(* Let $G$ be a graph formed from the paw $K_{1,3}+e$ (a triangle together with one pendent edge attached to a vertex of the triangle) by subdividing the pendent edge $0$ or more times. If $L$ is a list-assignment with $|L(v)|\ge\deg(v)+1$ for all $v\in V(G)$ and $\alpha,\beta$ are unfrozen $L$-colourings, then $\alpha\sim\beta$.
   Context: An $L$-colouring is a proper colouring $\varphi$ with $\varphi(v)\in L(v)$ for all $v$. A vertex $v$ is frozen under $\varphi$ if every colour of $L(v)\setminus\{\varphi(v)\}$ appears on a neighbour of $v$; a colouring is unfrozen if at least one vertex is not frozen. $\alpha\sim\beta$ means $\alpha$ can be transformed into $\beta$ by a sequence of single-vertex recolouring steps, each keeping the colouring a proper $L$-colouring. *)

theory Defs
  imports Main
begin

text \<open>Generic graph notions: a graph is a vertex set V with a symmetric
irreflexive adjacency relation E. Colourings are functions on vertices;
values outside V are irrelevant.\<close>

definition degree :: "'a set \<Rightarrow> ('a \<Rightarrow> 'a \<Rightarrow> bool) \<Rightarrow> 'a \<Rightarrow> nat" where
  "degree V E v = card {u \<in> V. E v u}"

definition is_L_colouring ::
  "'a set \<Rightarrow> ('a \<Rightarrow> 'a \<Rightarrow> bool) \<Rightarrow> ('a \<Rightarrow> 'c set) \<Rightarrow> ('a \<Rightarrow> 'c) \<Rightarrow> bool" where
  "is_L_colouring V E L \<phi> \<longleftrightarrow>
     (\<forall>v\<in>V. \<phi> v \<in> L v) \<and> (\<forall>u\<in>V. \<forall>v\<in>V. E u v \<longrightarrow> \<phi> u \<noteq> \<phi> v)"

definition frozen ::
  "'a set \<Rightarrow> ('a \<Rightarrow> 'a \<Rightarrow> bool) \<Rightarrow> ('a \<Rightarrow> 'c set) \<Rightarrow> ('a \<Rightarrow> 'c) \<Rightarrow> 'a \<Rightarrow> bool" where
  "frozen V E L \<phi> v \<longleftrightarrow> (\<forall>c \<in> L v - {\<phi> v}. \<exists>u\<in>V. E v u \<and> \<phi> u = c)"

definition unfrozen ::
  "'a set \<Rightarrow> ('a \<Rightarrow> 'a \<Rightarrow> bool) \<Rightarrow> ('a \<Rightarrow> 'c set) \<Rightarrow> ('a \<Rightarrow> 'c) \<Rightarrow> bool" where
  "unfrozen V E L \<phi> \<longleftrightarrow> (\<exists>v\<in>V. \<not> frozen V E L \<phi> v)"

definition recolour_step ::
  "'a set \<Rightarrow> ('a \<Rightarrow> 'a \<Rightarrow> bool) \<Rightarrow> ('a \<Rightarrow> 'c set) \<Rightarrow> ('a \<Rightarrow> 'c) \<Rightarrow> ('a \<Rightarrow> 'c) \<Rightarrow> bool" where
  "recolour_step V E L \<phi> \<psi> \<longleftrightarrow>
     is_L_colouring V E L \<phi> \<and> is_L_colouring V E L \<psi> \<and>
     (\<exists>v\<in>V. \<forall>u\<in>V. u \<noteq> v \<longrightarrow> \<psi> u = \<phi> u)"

============

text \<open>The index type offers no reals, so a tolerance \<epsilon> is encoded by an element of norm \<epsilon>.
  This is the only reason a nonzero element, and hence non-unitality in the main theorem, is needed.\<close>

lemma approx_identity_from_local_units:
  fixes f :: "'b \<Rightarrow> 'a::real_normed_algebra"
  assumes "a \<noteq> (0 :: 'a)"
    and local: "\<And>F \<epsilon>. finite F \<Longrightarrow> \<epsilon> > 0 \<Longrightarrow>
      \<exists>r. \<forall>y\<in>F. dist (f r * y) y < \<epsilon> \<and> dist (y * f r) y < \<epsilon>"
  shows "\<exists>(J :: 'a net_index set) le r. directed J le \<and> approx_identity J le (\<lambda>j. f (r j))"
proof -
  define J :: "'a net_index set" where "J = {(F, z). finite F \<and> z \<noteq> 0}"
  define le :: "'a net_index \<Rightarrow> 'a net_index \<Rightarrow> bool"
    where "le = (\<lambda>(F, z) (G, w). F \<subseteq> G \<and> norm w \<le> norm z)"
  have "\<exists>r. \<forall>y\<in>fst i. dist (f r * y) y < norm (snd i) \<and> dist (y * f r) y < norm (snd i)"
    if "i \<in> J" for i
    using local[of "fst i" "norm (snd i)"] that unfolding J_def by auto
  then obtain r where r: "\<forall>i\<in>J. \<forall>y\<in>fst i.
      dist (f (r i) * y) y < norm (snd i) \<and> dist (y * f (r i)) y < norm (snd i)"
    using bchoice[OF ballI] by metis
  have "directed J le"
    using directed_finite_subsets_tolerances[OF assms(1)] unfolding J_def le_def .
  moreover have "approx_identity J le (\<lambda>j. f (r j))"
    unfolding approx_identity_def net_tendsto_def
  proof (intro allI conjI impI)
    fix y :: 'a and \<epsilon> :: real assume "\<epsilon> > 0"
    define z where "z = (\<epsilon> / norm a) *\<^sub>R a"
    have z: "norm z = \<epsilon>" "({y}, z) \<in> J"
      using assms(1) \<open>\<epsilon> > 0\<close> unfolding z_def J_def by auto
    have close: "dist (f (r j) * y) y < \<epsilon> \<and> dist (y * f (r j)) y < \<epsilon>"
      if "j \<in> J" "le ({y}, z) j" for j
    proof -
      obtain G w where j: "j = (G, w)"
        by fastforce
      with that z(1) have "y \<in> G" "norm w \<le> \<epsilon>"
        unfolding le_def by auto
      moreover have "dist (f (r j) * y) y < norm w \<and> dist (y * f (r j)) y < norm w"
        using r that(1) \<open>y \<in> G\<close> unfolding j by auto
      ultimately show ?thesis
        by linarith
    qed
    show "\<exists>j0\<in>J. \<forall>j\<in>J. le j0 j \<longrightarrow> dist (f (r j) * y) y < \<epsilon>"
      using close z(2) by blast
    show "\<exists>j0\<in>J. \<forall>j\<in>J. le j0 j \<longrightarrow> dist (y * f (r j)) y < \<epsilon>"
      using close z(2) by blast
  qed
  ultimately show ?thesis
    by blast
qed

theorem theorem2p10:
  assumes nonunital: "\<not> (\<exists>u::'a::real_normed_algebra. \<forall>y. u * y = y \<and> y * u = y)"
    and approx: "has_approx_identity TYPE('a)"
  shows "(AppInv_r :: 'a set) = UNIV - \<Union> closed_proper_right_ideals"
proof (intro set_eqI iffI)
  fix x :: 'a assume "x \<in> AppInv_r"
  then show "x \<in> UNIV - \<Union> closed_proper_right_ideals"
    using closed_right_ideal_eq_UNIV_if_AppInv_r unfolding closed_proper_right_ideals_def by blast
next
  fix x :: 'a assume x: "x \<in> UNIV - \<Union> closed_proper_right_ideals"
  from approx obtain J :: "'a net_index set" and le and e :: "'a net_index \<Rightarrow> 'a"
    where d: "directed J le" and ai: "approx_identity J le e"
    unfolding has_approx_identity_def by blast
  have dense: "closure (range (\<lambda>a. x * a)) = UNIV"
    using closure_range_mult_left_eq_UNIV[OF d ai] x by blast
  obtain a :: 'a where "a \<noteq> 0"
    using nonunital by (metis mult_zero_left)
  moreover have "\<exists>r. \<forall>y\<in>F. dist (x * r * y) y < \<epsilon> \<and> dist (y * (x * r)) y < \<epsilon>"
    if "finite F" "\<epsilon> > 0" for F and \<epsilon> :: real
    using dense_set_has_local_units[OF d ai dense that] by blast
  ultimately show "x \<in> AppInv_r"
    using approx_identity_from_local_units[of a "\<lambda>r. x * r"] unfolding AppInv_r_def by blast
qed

============

• How to complete this task
Copy down every line of the entries containing the word "graph".

• Answer to the exercise
(* Let $G$ be a graph formed from the paw $K_{1,3}+e$ (a triangle together with one pendent edge attached to a vertex of the triangle) by subdividing the pendent edge $0$ or more times. If $L$ is a list-assignment with $|L(v)|\ge\deg(v)+1$ for all $v\in V(G)$ and $\alpha,\beta$ are unfrozen $L$-colourings, then $\alpha\sim\beta$.
text \<open>Generic graph notions: a graph is a vertex set V with a symmetric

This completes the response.